To retain your best employees, identify them, communicate with them, and find out what makes them leave. In so doing, you’ll find how to make them stay.
Retention of trained employees has been a problem since they wrote the old song, “How You Gonna Keep’Em Down on the Farm,” but these days, it’s a particularly acute issue.
The reasons: Retiring baby boomers are about to leave the workforce in droves, with not enough trained younger workers to fill all their spots. Plus there’s intense competition for talent, due to the confluence of an improving economy and a scarcity of certain highly skilled workers.
With all this tumult, it was no surprise that on recent BLR and other surveys, retention showed up as the second most critical HR issue, right behind perennial front-runner, compliance with government regulations.

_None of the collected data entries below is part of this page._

lemma svd_values_norm_expansion:
  fixes X :: "real^'n^'m"
  assumes "svd_values X s"
  obtains V :: "real^'n^'n" and idx :: "'n \<Rightarrow> nat"
  where "orthogonal_matrix V" "bij_betw idx UNIV {..<CARD('n)}"
    "\<And>y. (norm (X *v (V *v y)))\<^sup>2 = (\<Sum>b\<in>UNIV. (s (idx b) * y $ b)\<^sup>2)"
proof -
  obtain U :: "real^'m^'m" and V :: "real^'n^'n" and g :: "'n \<Rightarrow> 'm" and e :: "nat \<Rightarrow> 'n"
    where U: "orthogonal_matrix U" and V: "orthogonal_matrix V" and g: "inj g"
      and e: "bij_betw e {..<CARD('n)} UNIV"
      and X: "X = U ** (\<chi> a b. if a = g b then s (inv_into {..<CARD('n)} e b) else 0) ** transpose V"
    using assms unfolding svd_values_def by blast
  define idx where "idx = inv_into {..<CARD('n)} e"
  define D :: "real^'n^'m" where "D = (\<chi> a b. if a = g b then s (idx b) else 0)"
  have "(norm (X *v (V *v y)))\<^sup>2 = (\<Sum>b\<in>UNIV. (s (idx b) * y $ b)\<^sup>2)" for y
  proof -
    have "X ** V = U ** D"
      using V unfolding X D_def idx_def by (simp add: orthogonal_matrix flip: matrix_mul_assoc)
    then have "X *v (V *v y) = U *v (D *v y)"
      by (simp add: matrix_vector_mul_assoc)
    then have "(norm (X *v (V *v y)))\<^sup>2 = (\<Sum>a\<in>UNIV. ((D *v y) $ a)\<^sup>2)"
      by (simp add: norm_orthogonal_matrix_vector_mult[OF U] norm_vec_power2)
    also have "\<dots> = (\<Sum>a\<in>range g. ((D *v y) $ a)\<^sup>2)"
      by (rule sum.mono_neutral_right) (auto simp: D_def matrix_vector_mult_def intro!: sum.neutral)
    also have "\<dots> = (\<Sum>b\<in>UNIV. ((D *v y) $ g b)\<^sup>2)"
      using g by (simp add: sum.reindex)
    also have "\<dots> = (\<Sum>b\<in>UNIV. (s (idx b) * y $ b)\<^sup>2)"
      using g by (simp add: D_def matrix_vector_mult_def inj_eq if_distrib[of "\<lambda>x. x * _"] cong: if_cong)
    finally show ?thesis .
  qed
  moreover have "bij_betw idx UNIV {..<CARD('n)}"
    unfolding idx_def by (rule bij_betw_inv_into[OF e])
  ultimately show ?thesis
    using that V by blast
qed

After all, what’s the point of keeping a company running legally if the key people aren’t there to run it?
Fortunately, the HR community has begun to address the retention issue in a major way. And the consensus view emerging sees these as effective retention strategies:
–Identification. First, look around your organization and choose the jobs and the people who really make things go. The two are not always synonymous. Sometimes a long-term employee in a noncritical job is a natural leader who inspires others. Such people are not easily replaced.
Then, say experts like Mark Murphy and Andrea-Burgio-Murphy, authors of The Deadly Sins of Employee Retention, understand that while treating all employees alike is a nice ideal, you’ve got to be willing to extend yourself in special ways to those most critically needed.
Communication- The Murphys, and others, recommend that your managers hold frequent one-on-one meetings with key personnel. Meetings that Dick Finnegan of Talentkeepers in Maitland, Florida, calls “stay interviews,” as opposed to exit interviews. Ask the employees what they like most about the job and what troubles them, even if the problem seems beyond the supervisor’s control.
Tell the employee, “I’ve written down what you’ve said and I promise every reasonable effort will be made to make these things happen,” Finnegan continues. “In exchange, I ask you to commit to immediately tell me if you ever consider looking for another job.”
What issues will such meetings likely uncover? Surprisingly, money doesn’t rank high on the list: Here’s what does:
–Quality of Supervision. This includes unclear expectations of what the job entails, supervisory failure to carry out promises, and general lack of recognition from all levels of management.
–Underutilization of Talent/Lack of Opportunity. Top performers like to use all their abilities, even beyond their usual job descriptions, and to have room to grow on the job. Take those opportunities away, and you’ll likely find them taken away by competitors.
–Perceived Lack of Fair Treatment, as compared with others, at the same or a similar level.
–Difficult Working Conditions. This usually comes up in connection with physically demanding or stiflingly boring labor. The antidote: job rotation to more comfortable conditions, every few hours if need be. Employers should also be flexible about time off.
–Lack of Trust in the Company’s Direction. Translation: If the crew feels the ship is starting to list, expect them to scurry to the lifeboats.
“Look for the ‘shoves’ and ‘tugs’ in your workplace,” say the Murphys, referring to factors that provoke, and prevent, leaving. “And take whatever action makes the situation better for high-performing employees.”